Saved entries:

-------

lemma opnorm_cconj_le:
  fixes M :: "complex^'n::finite^'n"
  shows "opnorm (cconj M) \<le> opnorm M"
proof (rule opnorm_bound[OF opnorm_nonneg])
  fix v :: "complex^'n"
  have norm_cnj: "norm (\<chi> j. cnj (x $ j)) = norm x" for x :: "complex^'n"
    by (simp add: norm_vec_def)
  have "cconj M *v v = (\<chi> i. cnj ((M *v (\<chi> j. cnj (v $ j))) $ i))"
    by (simp add: cconj_def matrix_vector_mult_def vec_eq_iff)
  then have "norm (cconj M *v v) = norm (M *v (\<chi> j. cnj (v $ j)))" by (simp add: norm_cnj)
  also have "\<dots> \<le> opnorm M * norm v"
    using norm_matrix_vector_mult_le[of M "\<chi> j. cnj (v $ j)"] by (simp add: norm_cnj)
  finally show "norm (cconj M *v v) \<le> opnorm M * norm v" .
qed

lemma cinner_schur_cconj_ones:
  "cinner (schur T (cconj W) *v (\<chi> i. 1)) (\<chi> i. 1) = mtrace (cadj W ** T)"
proof -
  have "cinner (schur T (cconj W) *v (\<chi> i. 1)) (\<chi> i. 1)
      = (\<Sum>x\<in>UNIV. \<Sum>y\<in>UNIV. cnj (W $ x $ y) * T $ x $ y)"
    by (simp add: schur_def cconj_def cinner_def matrix_vector_mult_def mult.commute)
  also have "\<dots> = mtrace (cadj W ** T)"
    by (simp add: mtrace_def matrix_matrix_mult_def cadj_def) (rule sum.swap)
  finally show ?thesis .
qed

lemma multiplier_norms_eqI:
  assumes "0 \<le> t" and upper: "\<And>R. opnorm (schur T R) \<le> t * opnorm R"
    and "R\<^sub>0 \<in> \<T>" "opnorm R\<^sub>0 \<le> 1" and lower: "t \<le> opnorm (schur T R\<^sub>0)"
  shows "multiplier_norm T = t" "restricted_multiplier_norm T \<T> = t"
proof -
  have bound: "opnorm (schur T R) \<le> t" if "opnorm R \<le> 1" for R
    using upper[of R] mult_left_mono[OF that \<open>0 \<le> t\<close>] by simp
  have sup_eq: "(SUP R\<in>X. opnorm (schur T R)) = t" if "R\<^sub>0 \<in> X" "X \<subseteq> {R. opnorm R \<le> 1}" for X
  proof (rule antisym)
    show "(SUP R\<in>X. opnorm (schur T R)) \<le> t" using that bound by (intro cSUP_least) auto
    have "bdd_above ((\<lambda>R. opnorm (schur T R)) ` X)" using that bound by (intro bdd_aboveI2) auto
    then show "t \<le> (SUP R\<in>X. opnorm (schur T R))" using that lower by (intro cSUP_upper2) auto
  qed
  show "multiplier_norm T = t"
    unfolding multiplier_norm_def by (rule sup_eq) (use \<open>opnorm R\<^sub>0 \<le> 1\<close> in auto)
  show "restricted_multiplier_norm T \<T> = t"
    unfolding restricted_multiplier_norm_def
    by (rule sup_eq) (use \<open>R\<^sub>0 \<in> \<T>\<close> \<open>opnorm R\<^sub>0 \<le> 1\<close> in auto)
qed

section \<open>The commutant of a transitive permutation representation\<close>

lemma cadj_in_commutant:
  assumes unitary: "\<And>U. U \<in> S \<Longrightarrow> cadj U ** U = mat 1 \<and> U ** cadj U = mat 1"
    and "M \<in> commutant S"
  shows "cadj M \<in> commutant S"
  unfolding commutant_def
proof (intro CollectI ballI)
  fix U assume "U \<in> S"
  then have "M ** U = U ** M" using \<open>M \<in> commutant S\<close> by (simp add: commutant_def)
  have "cadj U ** M = cadj U ** M ** (U ** cadj U)" using unitary[OF \<open>U \<in> S\<close>] by simp
  also have "\<dots> = cadj U ** (M ** U) ** cadj U" by (simp add: matrix_mul_assoc)
  also have "\<dots> = (cadj U ** U) ** M ** cadj U" by (simp add: \<open>M ** U = U ** M\<close> matrix_mul_assoc)
  also have "\<dots> = M ** cadj U" using unitary[OF \<open>U \<in> S\<close>] by simp
  finally have "cadj (cadj U ** M) = cadj (M ** cadj U)" by simp
  then show "cadj M ** U = U ** cadj M" by (simp add: cadj_mult)
qed
(* Let $H$ be a Hilbert $C^*$-module and $Q\in\mathcal{L}(H)$ an idempotent. Let $C=\big(I-m(Q)-s(Q)\big)^2$. Then $C$ is invertible and $$Q=\tfrac12C^{-1}\Big[\big(C^{1/2}+s(Q)\big)\big(2m(Q)-I\big)+I-m(Q)\Big].$$
   Context: $H$ is a Hilbert module over a $C^*$-algebra, $\mathcal{L}(H)$ the adjointable operators. For $T$, $|T|=(T^*T)^{1/2}$ and $T^\dagger$ is the Moore–Penrose inverse. For an idempotent $Q$, the matched projection is $m(Q)=\tfrac12(|Q^*|+Q^* )|Q^*|^\dagger(|Q^*|+I)^{-1}(|Q^*|+Q)$, and the supplementary projection is $s(Q)=m(2P_{\mathcal{R}(Q)}-Q)$, where $P_{\mathcal{R}(Q)}$ is the projection onto $\mathcal{R}(Q)$. *)

theory Defs
  imports "HOL-Analysis.Analysis"
begin

text \<open>The algebra of adjointable operators L(H) on a
Hilbert C*-module H is such an algebra (with the operator norm and adjoint), and
every unital C*-algebra A arises as L(A) for A viewed as a Hilbert module over itself.\<close>

class cstar_algebra = real_normed_algebra_1 + banach +
  fixes adj :: "'a \<Rightarrow> 'a"
    and scaleC :: "complex \<Rightarrow> 'a \<Rightarrow> 'a"
  assumes scaleC_of_real: "scaleC (complex_of_real r) x = scaleR r x"
    and scaleC_add_left: "scaleC (c + d) x = scaleC c x + scaleC d x"
    and scaleC_add_right: "scaleC c (x + y) = scaleC c x + scaleC c y"
    and scaleC_scaleC: "scaleC c (scaleC d x) = scaleC (c * d) x"
    and norm_scaleC: "norm (scaleC c x) = cmod c * norm x"
    and scaleC_mult_left: "scaleC c x * y = scaleC c (x * y)"
    and scaleC_mult_right: "x * scaleC c y = scaleC c (x * y)"
    and adj_adj: "adj (adj x) = x"
    and adj_add: "adj (x + y) = adj x + adj y"
    and adj_mult: "adj (x * y) = adj y * adj x"
    and adj_scaleC: "adj (scaleC c x) = scaleC (cnj c) (adj x)"
    and cstar_identity: "norm (adj x * x) = norm x ^ 2"

definition positive :: "'a::cstar_algebra \<Rightarrow> bool" where
  "positive a \<longleftrightarrow> (\<exists>b. a = adj b * b)"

-------

Each record, exactly as written, is to be printed again.

lemma opnorm_cconj_le:
  fixes M :: "complex^'n::finite^'n"
  shows "opnorm (cconj M) \<le> opnorm M"
proof (rule opnorm_bound[OF opnorm_nonneg])
  fix v :: "complex^'n"
  have norm_cnj: "norm (\<chi> j. cnj (x $ j)) = norm x" for x :: "complex^'n"
    by (simp add: norm_vec_def)
  have "cconj M *v v = (\<chi> i. cnj ((M *v (\<chi> j. cnj (v $ j))) $ i))"
    by (simp add: cconj_def matrix_vector_mult_def vec_eq_iff)
  then have "norm (cconj M *v v) = norm (M *v (\<chi> j. cnj (v $ j)))" by (simp add: norm_cnj)
  also have "\<dots> \<le> opnorm M * norm v"
    using norm_matrix_vector_mult_le[of M "\<chi> j. cnj (v $ j)"] by (simp add: norm_cnj)
  finally show "norm (cconj M *v v) \<le> opnorm M * norm v" .
qed

lemma cinner_schur_cconj_ones:
  "cinner (schur T (cconj W) *v (\<chi> i. 1)) (\<chi> i. 1) = mtrace (cadj W ** T)"
proof -
  have "cinner (schur T (cconj W) *v (\<chi> i. 1)) (\<chi> i. 1)
      = (\<Sum>x\<in>UNIV. \<Sum>y\<in>UNIV. cnj (W $ x $ y) * T $ x $ y)"
    by (simp add: schur_def cconj_def cinner_def matrix_vector_mult_def mult.commute)
  also have "\<dots> = mtrace (cadj W ** T)"
    by (simp add: mtrace_def matrix_matrix_mult_def cadj_def) (rule sum.swap)
  finally show ?thesis .
qed

lemma multiplier_norms_eqI:
  assumes "0 \<le> t" and upper: "\<And>R. opnorm (schur T R) \<le> t * opnorm R"
    and "R\<^sub>0 \<in> \<T>" "opnorm R\<^sub>0 \<le> 1" and lower: "t \<le> opnorm (schur T R\<^sub>0)"
  shows "multiplier_norm T = t" "restricted_multiplier_norm T \<T> = t"
proof -
  have bound: "opnorm (schur T R) \<le> t" if "opnorm R \<le> 1" for R
    using upper[of R] mult_left_mono[OF that \<open>0 \<le> t\<close>] by simp
  have sup_eq: "(SUP R\<in>X. opnorm (schur T R)) = t" if "R\<^sub>0 \<in> X" "X \<subseteq> {R. opnorm R \<le> 1}" for X
  proof (rule antisym)
    show "(SUP R\<in>X. opnorm (schur T R)) \<le> t" using that bound by (intro cSUP_least) auto
    have "bdd_above ((\<lambda>R. opnorm (schur T R)) ` X)" using that bound by (intro bdd_aboveI2) auto
    then show "t \<le> (SUP R\<in>X. opnorm (schur T R))" using that lower by (intro cSUP_upper2) auto
  qed
  show "multiplier_norm T = t"
    unfolding multiplier_norm_def by (rule sup_eq) (use \<open>opnorm R\<^sub>0 \<le> 1\<close> in auto)
  show "restricted_multiplier_norm T \<T> = t"
    unfolding restricted_multiplier_norm_def
    by (rule sup_eq) (use \<open>R\<^sub>0 \<in> \<T>\<close> \<open>opnorm R\<^sub>0 \<le> 1\<close> in auto)
qed

section \<open>The commutant of a transitive permutation representation\<close>

lemma cadj_in_commutant:
  assumes unitary: "\<And>U. U \<in> S \<Longrightarrow> cadj U ** U = mat 1 \<and> U ** cadj U = mat 1"
    and "M \<in> commutant S"
  shows "cadj M \<in> commutant S"
  unfolding commutant_def
proof (intro CollectI ballI)
  fix U assume "U \<in> S"
  then have "M ** U = U ** M" using \<open>M \<in> commutant S\<close> by (simp add: commutant_def)
  have "cadj U ** M = cadj U ** M ** (U ** cadj U)" using unitary[OF \<open>U \<in> S\<close>] by simp
  also have "\<dots> = cadj U ** (M ** U) ** cadj U" by (simp add: matrix_mul_assoc)
  also have "\<dots> = (cadj U ** U) ** M ** cadj U" by (simp add: \<open>M ** U = U ** M\<close> matrix_mul_assoc)
  also have "\<dots> = M ** cadj U" using unitary[OF \<open>U \<in> S\<close>] by simp
  finally have "cadj (cadj U ** M) = cadj (M ** cadj U)" by simp
  then show "cadj M ** U = U ** cadj M" by (simp add: cadj_mult)
qed
(* Let $H$ be a Hilbert $C^*$-module and $Q\in\mathcal{L}(H)$ an idempotent. Let $C=\big(I-m(Q)-s(Q)\big)^2$. Then $C$ is invertible and $$Q=\tfrac12C^{-1}\Big[\big(C^{1/2}+s(Q)\big)\big(2m(Q)-I\big)+I-m(Q)\Big].$$
   Context: $H$ is a Hilbert module over a $C^*$-algebra, $\mathcal{L}(H)$ the adjointable operators. For $T$, $|T|=(T^*T)^{1/2}$ and $T^\dagger$ is the Moore–Penrose inverse. For an idempotent $Q$, the matched projection is $m(Q)=\tfrac12(|Q^*|+Q^* )|Q^*|^\dagger(|Q^*|+I)^{-1}(|Q^*|+Q)$, and the supplementary projection is $s(Q)=m(2P_{\mathcal{R}(Q)}-Q)$, where $P_{\mathcal{R}(Q)}$ is the projection onto $\mathcal{R}(Q)$. *)

theory Defs
  imports "HOL-Analysis.Analysis"
begin

text \<open>The algebra of adjointable operators L(H) on a
Hilbert C*-module H is such an algebra (with the operator norm and adjoint), and
every unital C*-algebra A arises as L(A) for A viewed as a Hilbert module over itself.\<close>

class cstar_algebra = real_normed_algebra_1 + banach +
  fixes adj :: "'a \<Rightarrow> 'a"
    and scaleC :: "complex \<Rightarrow> 'a \<Rightarrow> 'a"
  assumes scaleC_of_real: "scaleC (complex_of_real r) x = scaleR r x"
    and scaleC_add_left: "scaleC (c + d) x = scaleC c x + scaleC d x"
    and scaleC_add_right: "scaleC c (x + y) = scaleC c x + scaleC c y"
    and scaleC_scaleC: "scaleC c (scaleC d x) = scaleC (c * d) x"
    and norm_scaleC: "norm (scaleC c x) = cmod c * norm x"
    and scaleC_mult_left: "scaleC c x * y = scaleC c (x * y)"
    and scaleC_mult_right: "x * scaleC c y = scaleC c (x * y)"
    and adj_adj: "adj (adj x) = x"
    and adj_add: "adj (x + y) = adj x + adj y"
    and adj_mult: "adj (x * y) = adj y * adj x"
    and adj_scaleC: "adj (scaleC c x) = scaleC (cnj c) (adj x)"
    and cstar_identity: "norm (adj x * x) = norm x ^ 2"

definition positive :: "'a::cstar_algebra \<Rightarrow> bool" where
  "positive a \<longleftrightarrow> (\<exists>b. a = adj b * b)"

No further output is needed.